:: TASK GOAL ::
Copy every line of the data in which the word "cmod" occurs.

:: PROVIDED MATERIAL ::
(* Let $a$ be a positive, locally integrable, monotonically increasing function on $\mathbb{R}_+$ such that $\hat a(x):=x/a(x)$ is also monotonically increasing on $\mathbb{R}_+$. Let $q$ be a complex-valued potential with $\|q\|_a:=\int_0^\infty a(x)|q(x)|\,dx<\infty$ (so $q\in L^1(\mathbb{R}_+)$). Define $$\rho=\rho(a,q):=\inf\Bigl\{t>0:\ \hat a(\sqrt t)\ge\frac{\log 2}{\|q\|_a}\Bigr\}.$$ Then $\sigma_d(H_q)$ is contained in the closed disk $\{\lambda:|\lambda|\le\rho^{-1}\}$. If $\hat a(\infty):=\lim_{x\to\infty}\hat a(x)<\log 2\,\|q\|_a^{-1}$, then $\rho=\infty$ and $\sigma_d(H_q)$ is empty.
   Context: $H_q=-\frac{d^2}{dx^2}+q$ on $L^2(\mathbb{R}_+)$ with Dirichlet boundary condition at $0$; $\sigma_d(H_q)$ is its set of eigenvalues of finite algebraic multiplicity in $\mathbb{C}\setminus\mathbb{R}_+$. Conventions: $\inf\emptyset=+\infty$, $1/\infty=0$. *)

theory Defs
  imports "HOL-Analysis.Analysis"
begin

definition L2_half :: "(real \<Rightarrow> complex) \<Rightarrow> bool" where
  "L2_half f \<longleftrightarrow> set_borel_measurable lborel {0..} f \<and>
     set_integrable lborel {0..} (\<lambda>t. (cmod (f t))\<^sup>2)"

text \<open>(H_q - lam) y = f with y in the domain of the Dirichlet operator H_q:
  y, f in L2(R+), y(0) = 0, y and y' locally absolutely continuous on [0,inf),
  and -y'' + q y - lam y = f a.e., written in integrated form
  y'(x) = y'(0) + int_0^x ((q - lam) y - f).\<close>
definition Hq_minus_solves ::
  "(real \<Rightarrow> complex) \<Rightarrow> complex \<Rightarrow> (real \<Rightarrow> complex) \<Rightarrow> (real \<Rightarrow> complex) \<Rightarrow> bool" where
  "Hq_minus_solves q lam y f \<longleftrightarrow>
     L2_half y \<and> L2_half f \<and> y 0 = 0 \<and>
     (\<exists>y'. (\<forall>x\<ge>0. (y has_vector_derivative y' x) (at x within {0..})) \<and>
       (\<forall>x\<ge>0. set_integrable lborel {0..x} (\<lambda>t. (q t - lam) * y t - f t) \<and>
          y' x = y' 0 + (LINT t:{0..x}|lborel. (q t - lam) * y t - f t)))"

text \<open>Root vectors: y in ker (H_q - lam)^k (functions compared on [0,inf)).\<close>
fun root_vec :: "(real \<Rightarrow> complex) \<Rightarrow> complex \<Rightarrow> nat \<Rightarrow> (real \<Rightarrow> complex) \<Rightarrow> bool" where
  "root_vec q lam 0 y \<longleftrightarrow> (\<forall>x\<ge>0. y x = 0)"
| "root_vec q lam (Suc k) y \<longleftrightarrow> (\<exists>f. Hq_minus_solves q lam y f \<and> root_vec q lam k f)"

definition is_eigenvalue :: "(real \<Rightarrow> complex) \<Rightarrow> complex \<Rightarrow> bool" where
  "is_eigenvalue q lam \<longleftrightarrow> (\<exists>y. root_vec q lam 1 y \<and> (\<exists>x\<ge>0. y x \<noteq> 0))"

definition finite_alg_mult :: "(real \<Rightarrow> complex) \<Rightarrow> complex \<Rightarrow> bool" where
  "finite_alg_mult q lam \<longleftrightarrow>
     (\<exists>B. finite B \<and> (\<forall>k y. root_vec q lam k y \<longrightarrow>
        (\<exists>c. \<forall>x\<ge>0. y x = (\<Sum>b\<in>B. c b * b x))))"

definition sigma_d :: "(real \<Rightarrow> complex) \<Rightarrow> complex set" where
  "sigma_d q = {lam. \<not> (Im lam = 0 \<and> Re lam \<ge> 0) \<and> is_eigenvalue q lam \<and> finite_alg_mult q lam}"

definition a_norm :: "(real \<Rightarrow> real) \<Rightarrow> (real \<Rightarrow> complex) \<Rightarrow> real" where
  "a_norm a q = (LINT x:{0<..}|lborel. a x * cmod (q x))"

definition a_hat :: "(real \<Rightarrow> real) \<Rightarrow> real \<Rightarrow> real" where
  "a_hat a x = x / a x"

text \<open>rho = inf {t>0 : a_hat(sqrt t) >= log 2 / ||q||_a}, in ereal (inf of empty = inf,
  log 2 / 0 = inf).\<close>
definition rho :: "(real \<Rightarrow> real) \<Rightarrow> (real \<Rightarrow> complex) \<Rightarrow> ereal" where
  "rho a q = Inf {ereal t | t. t > 0 \<and>
      ereal (a_hat a (sqrt t)) \<ge> ereal (ln 2) / ereal (a_norm a q)}"

end

theory Submission
  imports Defs "HOL-Real_Asymp.Real_Asymp"
begin

text \<open>
  Write \<open>\<lambda> = k\<^sup>2\<close> with \<open>Im k > 0\<close> and put \<open>r = 1 / |k|\<close>. For \<open>0 \<le> x \<le> X\<close>, a solution of
  \<open>-y'' + q y = k\<^sup>2 y\<close> with \<open>y(0) = 0\<close> satisfies
  \<open>y(x) = sin(k x)/k * exp(i k X) (y'(X) - i k y(X)) - \<integral> G(x,s) q(s) y(s) ds\<close> (over \<open>[0, X]\<close>),
  where the free Dirichlet Green kernel obeys \<open>|G(x,s)| \<le> min(x, r)\<close> and the boundary term carries
  the factor \<open>exp(-Im k (X - x))\<close>. Hence \<open>u(x) = |y(x)| / min(x, r)\<close> satisfies
  \<open>sup u \<le> M sup u\<close> with \<open>M = \<integral> min(s, r) |q(s)| ds\<close> as soon as \<open>sup u\<close> is finite, and
  finiteness follows from \<open>y \<in> L\<^sup>2\<close> by a bootstrap on the windows \<open>[X - 1, X]\<close>. So an eigenvalue
  forces \<open>M \<ge> 1\<close>. Monotonicity of \<open>a\<close> and of \<open>a_hat a\<close> gives \<open>min(s, r) \<le> a_hat a r * a(s)\<close>,
  whence \<open>a_hat a (|\<lambda>|\<^sup>-\<^sup>1\<^sup>/\<^sup>2) * \<parallel>q\<parallel>\<^sub>a \<ge> 1 > log 2\<close>, i.e. \<open>|\<lambda>| \<le> 1 / \<rho>\<close>.
\<close>

section \<open>Integrals over intervals\<close>

lemma set_integrable_mult_continuous:
  fixes h \<phi> :: "real \<Rightarrow> complex"
  assumes h: "set_integrable lborel {a..b} h" and \<phi>: "continuous_on {a..b} \<phi>"
  shows "set_integrable lborel {a..b} (\<lambda>t. \<phi> t * h t)"
proof -
  obtain B where B: "\<And>t. t \<in> {a..b} \<Longrightarrow> norm (\<phi> t) \<le> B"
    using continuous_on_compact_bound[OF compact_Icc \<phi>] by blast
  have "(\<lambda>t. indicator {a..b} t *\<^sub>R \<phi> t) \<in> borel_measurable lborel"
    using \<phi> by (simp add: borel_measurable_continuous_on_indicator)
  moreover have "(\<lambda>t. indicator {a..b} t *\<^sub>R h t) \<in> borel_measurable lborel"
    using h unfolding set_integrable_def by (rule borel_measurable_integrable)
  ultimately have "set_borel_measurable lborel {a..b} (\<lambda>t. \<phi> t * h t)"
    unfolding set_borel_measurable_def
    by (rule borel_measurable_times[THEN measurable_cong[THEN iffD1, rotated]]) (auto simp: indicator_def)
  then show ?thesis
    using B by (intro set_integrable_bound[OF set_integrable_mult_right[OF h, of B]])
      (auto simp: norm_mult intro!: AE_I2 mult_right_mono order.trans[OF _ abs_ge_self])
qed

:: RESULT OF THE EXERCISE ::
     set_integrable lborel {0..} (\<lambda>t. (cmod (f t))\<^sup>2)"
  "a_norm a q = (LINT x:{0<..}|lborel. a x * cmod (q x))"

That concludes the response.